[Saved entries]
(* For every $n$, $\mathcal{P}_n$ is a left ideal of $(\mathbf{Sym}_n,* )$: if $F\in\mathbf{Sym}_n$ and $G\in\mathcal{P}_n$, then $F*G\in\mathcal{P}_n$. More precisely, $\theta(F)=F*\tilde S_n$ for all $F\in\mathbf{Sym}_n$, so that $\mathcal{P}_n=\mathbf{Sym}_n*\tilde S_n$.
   Context: $\mathbf{Sym}$ denotes the algebra of noncommutative symmetric functions over $\mathbb{Q}$: the free associative algebra on generators $S_1,S_2,\dots$ with $S_0=1$ and $\deg S_n=n$, graded with homogeneous components $\mathbf{Sym}_n$. For a composition $I=(i_1,\dots,i_r)$ of $n$, set $S^I=S_{i_1}\cdots S_{i_r}$ and $\operatorname{Des}(I)=\{i_1,\dots,i_1+\cdots+i_{r-1}\}$. Ribbons are defined by $S^I=\sum_{J\models n,\ \operatorname{Des}(J)\subseteq\operatorname{Des}(I)}R_J$, and $\Lambda_n=R_{(1^n)}$. The peak set of a composition $J$ is $HP(J)=\{a\in\operatorname{Des}(J):a\ne1,\ a-1\notin\operatorname{Des}(J)\}$; $\mathcal{P}_n$ is the span of the sums $\Pi_P=\sum_{HP(J)=P}R_J$ over peak sets $P$ (subsets of $[2,n-1]$ containing no two consecutive integers). $\theta$ is the algebra endomorphism of $\mathbf{Sym}$ with $\theta(S_n)=\tilde S_n=\sum_{k=0}^n\Lambda_kS_{n-k}$. The internal product $*$ on $\mathbf{Sym}_n$ is the bilinear (associative) product given by $S^I*S^J=\sum_M S^M$, where $M$ runs over matrices of nonnegative integers with row sums $I$ and column sums $J$, and $S^M$ is the product $S_{m_{11}}S_{m_{12}}\cdots S_{m_{1s}}S_{m_{21}}\cdots S_{m_{rs}}$ of the entries read row by row. *)

theory Defs
  imports Complex_Main "HOL-Library.Function_Algebras"
begin

text \<open>Elements of Sym are represented by their coefficient functions in the
  (free-algebra) basis S^I, I ranging over compositions (lists of positive nats).\<close>

type_synonym nsym = "nat list \<Rightarrow> rat"

definition is_comp :: "nat list \<Rightarrow> bool" where
  "is_comp I \<longleftrightarrow> (\<forall>x\<in>set I. 0 < x)"

definition comps :: "nat \<Rightarrow> nat list set" where
  "comps n = {I. is_comp I \<and> sum_list I = n}"

definition Sym :: "nat \<Rightarrow> nsym set" where
  "Sym n = {F. \<forall>I. F I \<noteq> 0 \<longrightarrow> I \<in> comps n}"

definition scal :: "rat \<Rightarrow> nsym \<Rightarrow> nsym" where
  "scal c F = (\<lambda>K. c * F K)"

text \<open>S^I for an arbitrary list of nonnegative integers (S_0 = 1).\<close>
definition SB :: "nat list \<Rightarrow> nsym" where
  "SB I = (\<lambda>K. if K = filter (\<lambda>x. x \<noteq> 0) I then 1 else 0)"

definition S :: "nat \<Rightarrow> nsym" where
  "S n = SB [n]"

text \<open>Product of the free associative algebra (concatenation of words).\<close>
definition mul :: "nsym \<Rightarrow> nsym \<Rightarrow> nsym" where
  "mul F G = (\<lambda>K. \<Sum>k\<le>length K. F (take k K) * G (drop k K))"

definition prodl :: "nsym list \<Rightarrow> nsym" where
  "prodl xs = foldr mul xs (SB [])"

definition Des :: "nat list \<Rightarrow> nat set" where
  "Des I = {sum_list (take k I) | k. 0 < k \<and> k < length I}"

definition ribbon :: "nat list \<Rightarrow> nsym" where
  "ribbon = (THE R. (\<forall>J. \<not> is_comp J \<longrightarrow> R J = 0) \<and>
      (\<forall>I. is_comp I \<longrightarrow>
         SB I = (\<Sum>J\<in>{J\<in>comps (sum_list I). Des J \<subseteq> Des I}. R J)))"
lemma first_hitting_time:
  fixes Q :: "'a::topological_space \<times> real \<Rightarrow> real"
  assumes "compact A" and cont: "continuous_on (A \<times> {0..t1}) Q"
    and "z1 \<in> A" "0 \<le> t1" "L \<le> Q (z1, t1)" and init: "\<forall>z\<in>A. Q (z, 0) < L"
  obtains zs ts where "zs \<in> A" "0 < ts" "ts \<le> t1" "L \<le> Q (zs, ts)"
    "\<forall>z\<in>A. \<forall>s\<in>{0..<ts}. Q (z, s) < L" "\<forall>z\<in>A. Q (z, ts) \<le> L"
proof -
  define K where "K = (A \<times> {0..t1}) \<inter> Q -` {L..}"
  have "closedin (top_of_set (A \<times> {0..t1})) K"
    unfolding K_def by (rule continuous_closedin_preimage[OF cont closed_atLeast])
  then have "compact K" by (rule closedin_compact[OF compact_Times[OF \<open>compact A\<close> compact_Icc]])
  moreover have "(z1, t1) \<in> K" using assms unfolding K_def by simp
  ultimately obtain p where "p \<in> K" and first: "\<forall>q\<in>K. snd p \<le> snd q"
    using continuous_attains_inf[OF _ _ continuous_on_snd[OF continuous_on_id]] by blast
  obtain zs ts where p: "p = (zs, ts)" by fastforce
  have hit: "zs \<in> A" "0 \<le> ts" "ts \<le> t1" "L \<le> Q (zs, ts)"
    using \<open>p \<in> K\<close> unfolding K_def p by auto
  have before: "\<forall>z\<in>A. \<forall>s\<in>{0..<ts}. Q (z, s) < L"
    using first hit unfolding K_def p by force
  have "0 < ts" using hit init by (cases "ts = 0") auto
  have "Q (z, ts) \<le> L" if "z \<in> A" for z
  proof -
    have "continuous_on {0..ts} (\<lambda>s. Q (z, s))"
      using \<open>z \<in> A\<close> hit
      by (intro continuous_on_compose2[OF cont]) (auto intro!: continuous_intros)
    then have "((\<lambda>s. Q (z, s)) \<longlongrightarrow> Q (z, ts)) (at ts within {0..ts})"
      using \<open>0 < ts\<close> unfolding continuous_on_def by simp
    then have "((\<lambda>s. Q (z, s)) \<longlongrightarrow> Q (z, ts)) (at ts within {0..<ts})"
      by (rule tendsto_within_subset) auto
    moreover have "eventually (\<lambda>s. Q (z, s) \<le> L) (at ts within {0..<ts})"
      using before \<open>z \<in> A\<close> unfolding eventually_at_filter
      by (auto intro!: always_eventually less_imp_le)
    moreover have "\<not> trivial_limit (at ts within {0..<ts})"
      using \<open>0 < ts\<close> by (simp add: trivial_limit_within)
    ultimately show ?thesis by (rule tendsto_upperbound)
  qed
  then show ?thesis using that hit before \<open>0 < ts\<close> by blast
qed

lemma iterd_dz: "iterd T w (dz f) = iterd T (w @ [True]) f"
proof (induction w)
  case (Cons d w)
  then show ?case by (cases d) simp_all
qed simp

lemma smooth_RT_dz: "smooth_RT T f \<Longrightarrow> smooth_RT T (dz f)"
  unfolding smooth_RT_def iterd_dz by blast

lemma smooth_RT_continuous_on:
  "smooth_RT T f \<Longrightarrow> continuous_on (UNIV \<times> {0..<T}) (\<lambda>p. f (fst p) (snd p))"
  unfolding smooth_RT_def by (metis iterd.simps(1))

lemma smooth_RT_continuous_on_slice:
  assumes "smooth_RT T f" "t \<in> {0..<T}"
  shows "continuous_on S (\<lambda>z. f z t)"
proof -
  have "continuous_on S (\<lambda>z. (\<lambda>p. f (fst p) (snd p)) (z, t))"
    using assms(2)
    by (intro continuous_on_compose2[OF smooth_RT_continuous_on[OF assms(1)]])
      (auto intro!: continuous_intros)
  then show ?thesis by simp
qed

lemma smooth_RT_has_dz:
  assumes "smooth_RT T f" "t \<in> {0..<T}"
  shows "((\<lambda>x. f x t) has_real_derivative dz f z t) (at z)"
  using assms unfolding smooth_RT_def dz_def
  by (metis DERIV_deriv_iff_real_differentiable iterd.simps(1))

lemma smooth_RT_has_dt:
  assumes "smooth_RT T f" "t \<in> {0..<T}"
  shows "((\<lambda>s. f z s) has_real_derivative dt T f z t) (at t within {0..<T})"
  using assms unfolding smooth_RT_def dt_def has_real_derivative_iff_has_vector_derivative
  by (metis iterd.simps(1) vector_derivative_works)

lemma ds_ds_at_critical_point:
  assumes "smooth_RT T \<phi>" "smooth_RT T f" "t \<in> {0..<T}"
    and "dz f z0 t = 0" "\<phi> z0 t \<noteq> 0"
  shows "ds \<phi> (ds \<phi> f) z0 t = dz (dz f) z0 t / (\<phi> z0 t)^2"
proof -
  have "((\<lambda>x. dz f x t / \<phi> x t) has_real_derivative dz (dz f) z0 t / \<phi> z0 t) (at z0)"
    using DERIV_divide[OF smooth_RT_has_dz[OF smooth_RT_dz[OF assms(2)] assms(3), of z0]
        smooth_RT_has_dz[OF assms(1,3), of z0]] assms(4,5)
    by (simp add: power2_eq_square)
  then show ?thesis
    unfolding ds_def[of \<phi> "ds \<phi> f"] dz_def[of "ds \<phi> f"] ds_def[of \<phi> f]
    by (simp add: DERIV_imp_deriv power2_eq_square)
qed

lemma RF_solution_smooth:
  "RF_solution T \<phi> a b c \<Longrightarrow> smooth_RT T \<phi> \<and> smooth_RT T a \<and> smooth_RT T b \<and> smooth_RT T c"
  unfolding RF_solution_def by blast

lemma RF_solution_pos:
  "RF_solution T \<phi> a b c \<Longrightarrow> t \<in> {0..<T} \<Longrightarrow> 0 < \<phi> z t \<and> 0 < a z t \<and> 0 < b z t \<and> 0 < c z t"
  unfolding RF_solution_def by blast

lemma RF_solution_periodic:
  "RF_solution T \<phi> a b c \<Longrightarrow> t \<in> {0..<T} \<Longrightarrow>
    a (z + 2*pi) t = a z t \<and> b (z + 2*pi) t = b z t \<and> c (z + 2*pi) t = c z t"
  unfolding RF_solution_def by blast

lemma RF_solution_swap12: "RF_solution T \<phi> a b c \<Longrightarrow> RF_solution T \<phi> b a c"
  unfolding RF_solution_def by (simp add: ac_simps power2_commute)

lemma RF_solution_swap13: "RF_solution T \<phi> a b c \<Longrightarrow> RF_solution T \<phi> c b a"
  unfolding RF_solution_def by (simp add: ac_simps power2_commute)

lemma RF_solution_dt_sq_le_at_max:
  assumes RF: "RF_solution T \<phi> a b c" and t: "t \<in> {0..<T}"
    and dominant: "b z0 t \<le> a z0 t" "c z0 t \<le> a z0 t"
    and max: "\<forall>z. a z t \<le> a z0 t"
  shows "2 * a z0 t * dt T a z0 t \<le> -4"
proof -
  have sm: "smooth_RT T \<phi>" "smooth_RT T a" using RF_solution_smooth[OF RF] by simp_all
  have pos: "0 < \<phi> z0 t" "0 < a z0 t" "0 < b z0 t" "0 < c z0 t"
    using RF_solution_pos[OF RF t] by simp_all
  have pde: "dt T a z0 t = ds \<phi> (ds \<phi> a) z0 t
      + ds \<phi> a z0 t * (ds \<phi> b z0 t / b z0 t + ds \<phi> c z0 t / c z0 t)
      - 2 * ((a z0 t)^4 - ((b z0 t)^2 - (c z0 t)^2)^2) / (a z0 t * (b z0 t)^2 * (c z0 t)^2)"
    using RF t unfolding RF_solution_def by blast
  have da: "((\<lambda>x. a x t) has_real_derivative dz a x t) (at x)" for x
    using smooth_RT_has_dz[OF sm(2) t] .
  have dda: "((\<lambda>x. dz a x t) has_real_derivative dz (dz a) z0 t) (at z0)"
    using smooth_RT_has_dz[OF smooth_RT_dz[OF sm(2)] t] .
  have local_max: "\<forall>y. \<bar>z0 - y\<bar> < 1 \<longrightarrow> a y t \<le> a z0 t" using max by blast
  have crit: "dz a z0 t = 0"
    using DERIV_local_max[OF da zero_less_one local_max] .
  have "dz (dz a) z0 t \<le> 0"
    using deriv2_nonpos_at_local_max[OF da dda zero_less_one local_max] .
  moreover have "ds \<phi> (ds \<phi> a) z0 t = dz (dz a) z0 t / (\<phi> z0 t)^2"
    using ds_ds_at_critical_point[OF sm t crit] pos(1) by simp
  ultimately have "2 * a z0 t * ds \<phi> (ds \<phi> a) z0 t \<le> 0"
    using pos by (simp add: mult_nonneg_nonpos divide_nonpos_pos)
  moreover have "4 \<le> 2 * a z0 t *
      (2 * ((a z0 t)^4 - ((b z0 t)^2 - (c z0 t)^2)^2) / (a z0 t * (b z0 t)^2 * (c z0 t)^2))"
    using reaction_term_lower_bound pos dominant by blast
  ultimately show ?thesis
    using pde crit unfolding ds_def[of \<phi> a] by (simp add: right_diff_distrib)
qed

definition max_scale ::
  "(real \<Rightarrow> real \<Rightarrow> real) \<Rightarrow> (real \<Rightarrow> real \<Rightarrow> real) \<Rightarrow> (real \<Rightarrow> real \<Rightarrow> real) \<Rightarrow> real \<Rightarrow> real \<Rightarrow> real"
  where "max_scale a b c z t = max (a z t) (max (b z t) (c z t))"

→ **Work instruction**
From the line containing "using pos by" through the last line of the entries above, print every line exactly, including both ends, and nothing else.

→ **Solution to this exercise**
    using pos by (simp add: mult_nonneg_nonpos divide_nonpos_pos)
  moreover have "4 \<le> 2 * a z0 t *
      (2 * ((a z0 t)^4 - ((b z0 t)^2 - (c z0 t)^2)^2) / (a z0 t * (b z0 t)^2 * (c z0 t)^2))"
    using reaction_term_lower_bound pos dominant by blast
  ultimately show ?thesis
    using pde crit unfolding ds_def[of \<phi> a] by (simp add: right_diff_distrib)
qed

definition max_scale ::
  "(real \<Rightarrow> real \<Rightarrow> real) \<Rightarrow> (real \<Rightarrow> real \<Rightarrow> real) \<Rightarrow> (real \<Rightarrow> real \<Rightarrow> real) \<Rightarrow> real \<Rightarrow> real \<Rightarrow> real"
  where "max_scale a b c z t = max (a z t) (max (b z t) (c z t))"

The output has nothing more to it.